▶ **Task statement**
Gather the lines below that include the string "moreover", copying each in full.

______

(* Let $X_1,\dots,X_n$ be independent random variables with values in $\mathbb{Z}_+=\{0,1,2,\dots\}$, and suppose that for each $i$ the probability generating function $M_{X_i}(z)=\mathbb{E}(z^{X_i})$ satisfies $$G_{X_i}(z):=\frac{M_{X_i}'(z)}{M_{X_i}(z)}=\sum_{m=0}^{\infty}a_{i,m+1}z^m .$$ Let $Y=\sum_{i=1}^n X_i$ and $\mu=\sum_{i=1}^n\sum_{m=0}^\infty a_{i,m+1}$ (the mean of $Y$). Let $\alpha>0$ and $p\in(0,1)$, $q=1-p$, satisfy $\alpha q/p=\mu$, and let $Z\sim \mathrm{NB}(\alpha,p)$. Then $$d_{TV}(Y,Z)\le \frac{1}{\alpha q}\sum_{i=1}^n\sum_{l=1}^\infty l\,\bigl|a_{i,l+1}-q\,a_{i,l}\bigr| .$$
   Context: $\mathrm{NB}(\alpha,p)$ denotes the negative binomial distribution with $\mathbf{P}(Z=m)=\binom{\alpha+m-1}{m}p^\alpha q^m$, $m=0,1,\dots$, where $\alpha>0$, $q=1-p\in(0,1)$. The total variation distance is $d_{TV}(Y,X)=\frac12\sum_{m\ge0}|\mathbf{P}(Y=m)-\mathbf{P}(X=m)|$. *)

theory Defs
  imports "HOL-Probability.Probability"
begin

definition nb_pmf :: "real \<Rightarrow> real \<Rightarrow> nat \<Rightarrow> real" where
  "nb_pmf \<alpha> p m = ((\<alpha> + real m - 1) gchoose m) * p powr \<alpha> * (1 - p) ^ m"

definition pgf :: "'a measure \<Rightarrow> ('a \<Rightarrow> nat) \<Rightarrow> real \<Rightarrow> real" where
  "pgf M X z = (\<Sum>k. measure M {\<omega> \<in> space M. X \<omega> = k} * z ^ k)"

definition dTV :: "'a measure \<Rightarrow> ('a \<Rightarrow> nat) \<Rightarrow> (nat \<Rightarrow> real) \<Rightarrow> real" where
  "dTV M Y f = (1/2) * (\<Sum>m. \<bar>measure M {\<omega> \<in> space M. Y \<omega> = m} - f m\<bar>)"

end

theory Submission
  imports Defs
begin
(* Let $X$ and $Y$ be uncertain variables on a common set $\Omega$ with finite ranges. Then $$I_\star(X;Y)\;=\;\sup_{g}\ \mathcal{L}(g\circ X\rightarrow Y)\;\leq\; \mathcal{L}_\star(X\rightarrow Y),$$ where the supremum ranges over all finite sets $\mathcal{U}$ and all functions $g:[\![X]\!]\to\mathcal{U}$ such that $|[\![g\circ X\mid Y(\omega)=y]\!]|=|\{g(x):x\in[\![X\mid Y(\omega)=y]\!]\}|=1$ for every $y\in[\![Y]\!]$.
   Context: Let $\Omega$ be a set. An uncertain variable (uv) is a map $X:\Omega\to\mathbb{X}$ into some set; all uvs considered have finite ranges. The range of $X$ is $[\![X]\!]:=\{X(\omega):\omega\in\Omega\}$; the conditional range is $[\![X\mid Y(\omega)=y]\!]:=\{X(\omega):\omega\in\Omega,\ Y(\omega)=y\}$. Two points $x,x'\in[\![X]\!]$ are overlap connected if there is a finite sequence $y_1,\dots,y_n\in[\![Y]\!]$ with $x\in[\![X\mid Y(\omega)=y_1]\!]$, $x'\in[\![X\mid Y(\omega)=y_n]\!]$ and $[\![X\mid Y(\omega)=y_i]\!]\cap[\![X\mid Y(\omega)=y_{i+1}]\!]\neq\emptyset$ for $i=1,\dots,n-1$. The overlap partition $[\![X\mid Y]\!]_\star$ is the (unique) partition of $[\![X]\!]$ into the equivalence classes of this relation (each class is overlap connected and points in different classes are not overlap connected). The maximin information is $I_\star(X;Y):=\log_2|[\![X\mid Y]\!]_\star|$. The non-stochastic brute-force guessing leakage from a uv $U$ to a uv $Y$ is $$\mathcal{L}(U\rightarrow Y):=\log_2\left(\frac{|[\![U]\!]|}{\min_{y\in[\![Y]\!]}|[\![U\mid Y(\omega)=y]\!]|}\right).$$ The maximal non-stochastic brute-force leakage from $X$ to $Y$ is $$\mathcal{L}_\star(X\rightarrow Y):=\sup_{g}\ \mathcal{L}(g\circ X\rightarrow Y),$$ where the supremum ranges over all finite sets $\mathcal{U}$ and all functions $g:[\![X]\!]\to\mathcal{U}$. *)

theory Defs
  imports Complex_Main
begin

text \<open>Uncertain variables are maps out of a sample type 'w (playing the role of \<Omega>).
  The range of X is range X.\<close>

definition cond_range :: "('w \<Rightarrow> 'x) \<Rightarrow> ('w \<Rightarrow> 'y) \<Rightarrow> 'y \<Rightarrow> 'x set" where
  "cond_range X Y y = {X w | w. Y w = y}"

definition overlap_connected ::
    "('w \<Rightarrow> 'x) \<Rightarrow> ('w \<Rightarrow> 'y) \<Rightarrow> 'x \<Rightarrow> 'x \<Rightarrow> bool" where
  "overlap_connected X Y x x' \<longleftrightarrow>
     (\<exists>ys. ys \<noteq> [] \<and> set ys \<subseteq> range Y \<and>
        x \<in> cond_range X Y (hd ys) \<and> x' \<in> cond_range X Y (last ys) \<and>
        (\<forall>i. i + 1 < length ys \<longrightarrow>
           cond_range X Y (ys ! i) \<inter> cond_range X Y (ys ! (i + 1)) \<noteq> {}))"

definition overlap_partition :: "('w \<Rightarrow> 'x) \<Rightarrow> ('w \<Rightarrow> 'y) \<Rightarrow> 'x set set" where
  "overlap_partition X Y =
     {{x' \<in> range X. overlap_connected X Y x x'} | x. x \<in> range X}"

definition maximin_info :: "('w \<Rightarrow> 'x) \<Rightarrow> ('w \<Rightarrow> 'y) \<Rightarrow> real" where
  "maximin_info X Y = log 2 (real (card (overlap_partition X Y)))"

definition bf_leakage :: "('w \<Rightarrow> 'u) \<Rightarrow> ('w \<Rightarrow> 'y) \<Rightarrow> real" where
  "bf_leakage U Y =
     log 2 (real (card (range U)) /
            real (Min ((\<lambda>y. card (cond_range U Y y)) ` range Y)))"

text \<open>Any finite set embeds injectively into nat, and the leakage is invariant under injective
  relabelling, so the codomain is taken to be nat (image on range X is automatically finite).\<close>
definition max_bf_leakage :: "('w \<Rightarrow> 'x) \<Rightarrow> ('w \<Rightarrow> 'y) \<Rightarrow> real" where
  "max_bf_leakage X Y = Sup {bf_leakage (g \<circ> X) Y | g :: 'x \<Rightarrow> nat. True}"

end

theory Submission
  imports Defs
begin

text \<open>The functions g for which every conditional range of g \<circ> X is a singleton are exactly
  those constant on every conditional range of X. Following a chain of overlapping conditional ranges, such a g
  is constant on every overlap class, so it takes at most as many values as there are classes;
  an injective labelling of the classes attains this. For such g the minimal conditional range
  has one element, so the leakage is the logarithm of the number of values of g, and the
  supremum is log 2 of the number of classes. The inequality holds because the constrained
  supremum ranges over a subset of a set bounded by log 2 (card (range X)).\<close>

lemma cond_range_comp: "cond_range (g \<circ> X) Y y = g ` cond_range X Y y"
  unfolding cond_range_def by auto

lemma cond_range_nonempty: "y \<in> range Y \<Longrightarrow> cond_range X Y y \<noteq> {}"
  unfolding cond_range_def by auto

lemma cond_range_subset_range: "cond_range X Y y \<subseteq> range X"
  unfolding cond_range_def by auto

lemma card_image_eq_1_iff:
  assumes "A \<noteq> {}"
  shows "card (g ` A) = 1 \<longleftrightarrow> (\<forall>a\<in>A. \<forall>b\<in>A. g a = g b)"
proof
  assume "card (g ` A) = 1"
  then obtain c where "g ` A = {c}" by (auto simp: card_1_singleton_iff)
  then show "\<forall>a\<in>A. \<forall>b\<in>A. g a = g b" by (metis image_eqI singletonD)
next
  assume const: "\<forall>a\<in>A. \<forall>b\<in>A. g a = g b"
  obtain a where "a \<in> A" using assms by blast
  with const have "g ` A = {g a}" by blast
  then show "card (g ` A) = 1" by simp
qed

lemma card_cond_range_comp_eq_1_iff:
  assumes "y \<in> range Y"
  shows "card (cond_range (g \<circ> X) Y y) = 1 \<longleftrightarrow>
         (\<forall>a\<in>cond_range X Y y. \<forall>b\<in>cond_range X Y y. g a = g b)"
  unfolding cond_range_comp using card_image_eq_1_iff[OF cond_range_nonempty[OF assms]] .

lemma overlap_connected_refl:
  assumes "x \<in> range X" shows "overlap_connected X Y x x"
proof -
  obtain w where "x = X w" using assms by blast
  then show ?thesis unfolding overlap_connected_def cond_range_def
    by (intro exI[of _ "[Y w]"]) auto
qed

lemma overlap_connected_Cons:
  assumes "overlap_connected X Y x1 x'" "y \<in> range Y"
    and "x1 \<in> cond_range X Y y" "x2 \<in> cond_range X Y y"
  shows "overlap_connected X Y x2 x'"
proof -
  obtain ys where ys: "ys \<noteq> []" "set ys \<subseteq> range Y" "x1 \<in> cond_range X Y (hd ys)"
    "x' \<in> cond_range X Y (last ys)"
    "\<forall>i. i + 1 < length ys \<longrightarrow> cond_range X Y (ys ! i) \<inter> cond_range X Y (ys ! (i + 1)) \<noteq> {}"
    using assms(1) unfolding overlap_connected_def by blast
  show ?thesis unfolding overlap_connected_def
  proof (intro exI[of _ "y # ys"] conjI allI impI)
    fix i assume i: "i + 1 < length (y # ys)"
    show "cond_range X Y ((y # ys) ! i) \<inter> cond_range X Y ((y # ys) ! (i + 1)) \<noteq> {}"
    proof (cases i)
      case 0
      then show ?thesis using assms(3) ys(1,3) by (auto simp: hd_conv_nth)
    next
      case (Suc j)
      then show ?thesis using ys(5) i by auto
    qed
  qed (use ys assms in auto)
qed

lemma overlap_connected_imp_eq:
  assumes oc: "overlap_connected X Y x x'"
    and const: "\<forall>y\<in>range Y. \<forall>a\<in>cond_range X Y y. \<forall>b\<in>cond_range X Y y. g a = g b"
  shows "g x' = g x"
proof -
  obtain ys where ys: "ys \<noteq> []" "set ys \<subseteq> range Y" "x \<in> cond_range X Y (hd ys)"
    "x' \<in> cond_range X Y (last ys)"
    "\<forall>i. i + 1 < length ys \<longrightarrow> cond_range X Y (ys ! i) \<inter> cond_range X Y (ys ! (i + 1)) \<noteq> {}"
    using oc unfolding overlap_connected_def by blast
  have in_range: "ys ! i \<in> range Y" if "i < length ys" for i
    using ys(2) nth_mem[OF that] by blast
  have along_chain: "\<forall>z\<in>cond_range X Y (ys ! i). g z = g x" if "i < length ys" for i
    using that
  proof (induction i)
    case 0
    then show ?case using ys(1,3) const in_range[of 0] by (metis hd_conv_nth)
  next
    case (Suc i)
    then obtain z where "z \<in> cond_range X Y (ys ! i)" "z \<in> cond_range X Y (ys ! Suc i)"
      using ys(5) by auto
    then show ?case using Suc const in_range[OF Suc.prems] by (metis Suc_lessD)
  qed
  show ?thesis
    using along_chain[of "length ys - 1"] ys(1,4) by (simp add: last_conv_nth)
qed

definition overlap_class :: "('w \<Rightarrow> 'x) \<Rightarrow> ('w \<Rightarrow> 'y) \<Rightarrow> 'x \<Rightarrow> 'x set" where
  "overlap_class X Y x = {x' \<in> range X. overlap_connected X Y x x'}"

lemma overlap_partition_eq_image: "overlap_partition X Y = overlap_class X Y ` range X"
  unfolding overlap_partition_def overlap_class_def by auto

lemma finite_overlap_partition: "finite (range X) \<Longrightarrow> finite (overlap_partition X Y)"
  by (simp add: overlap_partition_eq_image)

lemma overlap_class_eq_if_cond_range:
  assumes "y \<in> range Y" "x1 \<in> cond_range X Y y" "x2 \<in> cond_range X Y y"
  shows "overlap_class X Y x1 = overlap_class X Y x2"
  unfolding overlap_class_def
  using overlap_connected_Cons[OF _ assms] overlap_connected_Cons[OF _ assms(1,3,2)] by blast

lemma card_image_le_card_overlap_partition:
  assumes fin: "finite (range X)"
    and const: "\<forall>y\<in>range Y. \<forall>a\<in>cond_range X Y y. \<forall>b\<in>cond_range X Y y. g a = g b"
  shows "card (g ` range X) \<le> card (overlap_partition X Y)"
proof -
  let ?P = "overlap_partition X Y"
  have "range X = \<Union>?P"
    by (auto simp: overlap_partition_eq_image overlap_class_def overlap_connected_refl)
  then have "card (g ` range X) = card (\<Union>C\<in>?P. g ` C)"
    by (simp add: image_Union)
  also have "\<dots> \<le> (\<Sum>C\<in>?P. card (g ` C))"
    by (rule card_UN_le[OF finite_overlap_partition[OF fin]])
  also have "\<dots> \<le> (\<Sum>C\<in>?P. 1)"
  proof (rule sum_mono)
    fix C assume "C \<in> ?P"
    then obtain x where "C = overlap_class X Y x" by (auto simp: overlap_partition_eq_image)
    then have "g ` C \<subseteq> {g x}"
      using overlap_connected_imp_eq[OF _ const] by (auto simp: overlap_class_def)
    then show "card (g ` C) \<le> 1"
      using card_mono[of "{g x}"] by fastforce
  qed
  finally show ?thesis by simp
qed

lemma bf_leakage_if_card_cond_range_eq_1:
  assumes "\<forall>y\<in>range Y. card (cond_range U Y y) = 1"
  shows "bf_leakage U Y = log 2 (card (range U))"
proof -
  have "(\<lambda>y. card (cond_range U Y y)) ` range Y = {1}"
    using assms by (auto simp: image_iff)
  then show ?thesis unfolding bf_leakage_def by simp
qed

lemma bf_leakage_le_log_card_range:
  assumes fin_U: "finite (range U)" and fin_Y: "finite (range Y)"
  shows "bf_leakage U Y \<le> log 2 (card (range U))"
proof -
  let ?M = "Min ((\<lambda>y. card (cond_range U Y y)) ` range Y)"
  have "?M \<in> (\<lambda>y. card (cond_range U Y y)) ` range Y"
    using fin_Y by (intro Min_in) auto
  then obtain y where y: "y \<in> range Y" and M: "?M = card (cond_range U Y y)" by auto
  have "finite (cond_range U Y y)"
    using finite_subset[OF cond_range_subset_range fin_U] .
  then have "real ?M \<ge> 1"
    using M cond_range_nonempty[OF y, of U] by (simp add: Suc_leI card_gt_0_iff)
  moreover have "real (card (range U)) > 0"
    using fin_U by (simp add: card_gt_0_iff)
  ultimately show ?thesis
    unfolding bf_leakage_def by (simp add: divide_le_eq mult_le_cancel_left1)
qed

lemma bdd_above_bf_leakage_comp:
  assumes "finite (range X)" "finite (range Y)"
  shows "bdd_above {bf_leakage (g \<circ> X) Y | g :: 'x \<Rightarrow> 'u. True}"
proof (rule bdd_aboveI)
  fix v assume "v \<in> {bf_leakage (g \<circ> X) Y | g :: 'x \<Rightarrow> 'u. True}"
  then obtain g :: "'x \<Rightarrow> 'u" where v: "v = bf_leakage (g \<circ> X) Y" by blast
  have range_comp: "range (g \<circ> X) = g ` range X" by auto
  have fin_gX: "finite (range (g \<circ> X))"
    unfolding range_comp using assms(1) by simp
  have "v \<le> log 2 (card (range (g \<circ> X)))"
    unfolding v using bf_leakage_le_log_card_range[OF fin_gX assms(2)] .
  also have "\<dots> \<le> log 2 (card (range X))"
  proof -
    have "card (range (g \<circ> X)) \<le> card (range X)"
      unfolding range_comp by (rule card_image_le[OF assms(1)])
    moreover have "card (range (g \<circ> X)) > 0"
      using fin_gX by (simp add: card_gt_0_iff)
    ultimately show ?thesis by simp
  qed
  finally show "v \<le> log 2 (card (range X))" .
qed

lemma bf_leakage_le_maximin_info:
  assumes "finite (range X)"
    and "\<forall>y\<in>range Y. card (cond_range (g \<circ> X) Y y) = 1"
  shows "bf_leakage (g \<circ> X) Y \<le> maximin_info X Y"
proof -
  have "\<forall>y\<in>range Y. \<forall>a\<in>cond_range X Y y. \<forall>b\<in>cond_range X Y y. g a = g b"
    using assms(2) card_cond_range_comp_eq_1_iff[where g = g] by metis
  then have "card (g ` range X) \<le> card (overlap_partition X Y)"
    using assms(1) by (rule card_image_le_card_overlap_partition[rotated])
  moreover have "card (g ` range X) > 0"
    using assms(1) by (simp add: card_gt_0_iff)
  ultimately show ?thesis
    using bf_leakage_if_card_cond_range_eq_1[OF assms(2)]
    by (simp add: maximin_info_def image_comp)
qed

lemma bf_leakage_attains_maximin_info:
  assumes fin: "finite (range X)"
  obtains g :: "'x \<Rightarrow> nat"
  where "\<forall>y\<in>range Y. card (cond_range (g \<circ> X) Y y) = 1"
    and "bf_leakage (g \<circ> X) Y = maximin_info X Y"
proof -
  obtain f :: "'x set \<Rightarrow> nat" where f: "inj_on f (overlap_partition X Y)"
    using finite_overlap_partition[OF fin] finite_imp_inj_to_nat_seg by blast
  define g where "g x = f (overlap_class X Y x)" for x
  have admissible: "\<forall>y\<in>range Y. card (cond_range (g \<circ> X) Y y) = 1"
  proof
    fix y assume y: "y \<in> range Y"
    show "card (cond_range (g \<circ> X) Y y) = 1"
      unfolding card_cond_range_comp_eq_1_iff[OF y] g_def
      using overlap_class_eq_if_cond_range[OF y] by metis
  qed
  have "g ` range X = f ` overlap_partition X Y"
    by (simp add: overlap_partition_eq_image g_def image_image)
  then have "card (range (g \<circ> X)) = card (overlap_partition X Y)"
    using card_image[OF f] by (simp add: image_comp)
  then have "bf_leakage (g \<circ> X) Y = maximin_info X Y"
    by (simp add: bf_leakage_if_card_cond_range_eq_1[OF admissible] maximin_info_def)
  with admissible show thesis by (rule that)
qed

theorem proposition5:
  fixes X :: "'w \<Rightarrow> 'x" and Y :: "'w \<Rightarrow> 'y"
  assumes "finite (range X)" and "finite (range Y)"
  shows "maximin_info X Y =
           Sup {bf_leakage (g \<circ> X) Y | g :: 'x \<Rightarrow> nat.
                  \<forall>y \<in> range Y. card (cond_range (g \<circ> X) Y y) = 1}
       \<and> Sup {bf_leakage (g \<circ> X) Y | g :: 'x \<Rightarrow> nat.
                  \<forall>y \<in> range Y. card (cond_range (g \<circ> X) Y y) = 1}
           \<le> max_bf_leakage X Y"
proof -
  let ?S = "{bf_leakage (g \<circ> X) Y | g :: 'x \<Rightarrow> nat.
                  \<forall>y \<in> range Y. card (cond_range (g \<circ> X) Y y) = 1}"
  obtain g0 :: "'x \<Rightarrow> nat" where "\<forall>y\<in>range Y. card (cond_range (g0 \<circ> X) Y y) = 1"
    and "bf_leakage (g0 \<circ> X) Y = maximin_info X Y"
    using bf_leakage_attains_maximin_info[OF assms(1)] .
  then have max_in: "maximin_info X Y \<in> ?S" by force
  have "Sup ?S = maximin_info X Y"
    using max_in bf_leakage_le_maximin_info[OF assms(1)] by (intro cSup_eq_maximum) auto
  moreover have "Sup ?S \<le> max_bf_leakage X Y"
    unfolding max_bf_leakage_def
    using max_in bdd_above_bf_leakage_comp[OF assms] by (intro cSup_subset_mono) auto
  ultimately show ?thesis by simp
qed

end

______

▶ **Task response**
  moreover have "real (card (range U)) > 0"
    moreover have "card (range (g \<circ> X)) > 0"
  moreover have "card (g ` range X) > 0"
  moreover have "Sup ?S \<le> max_bf_leakage X Y"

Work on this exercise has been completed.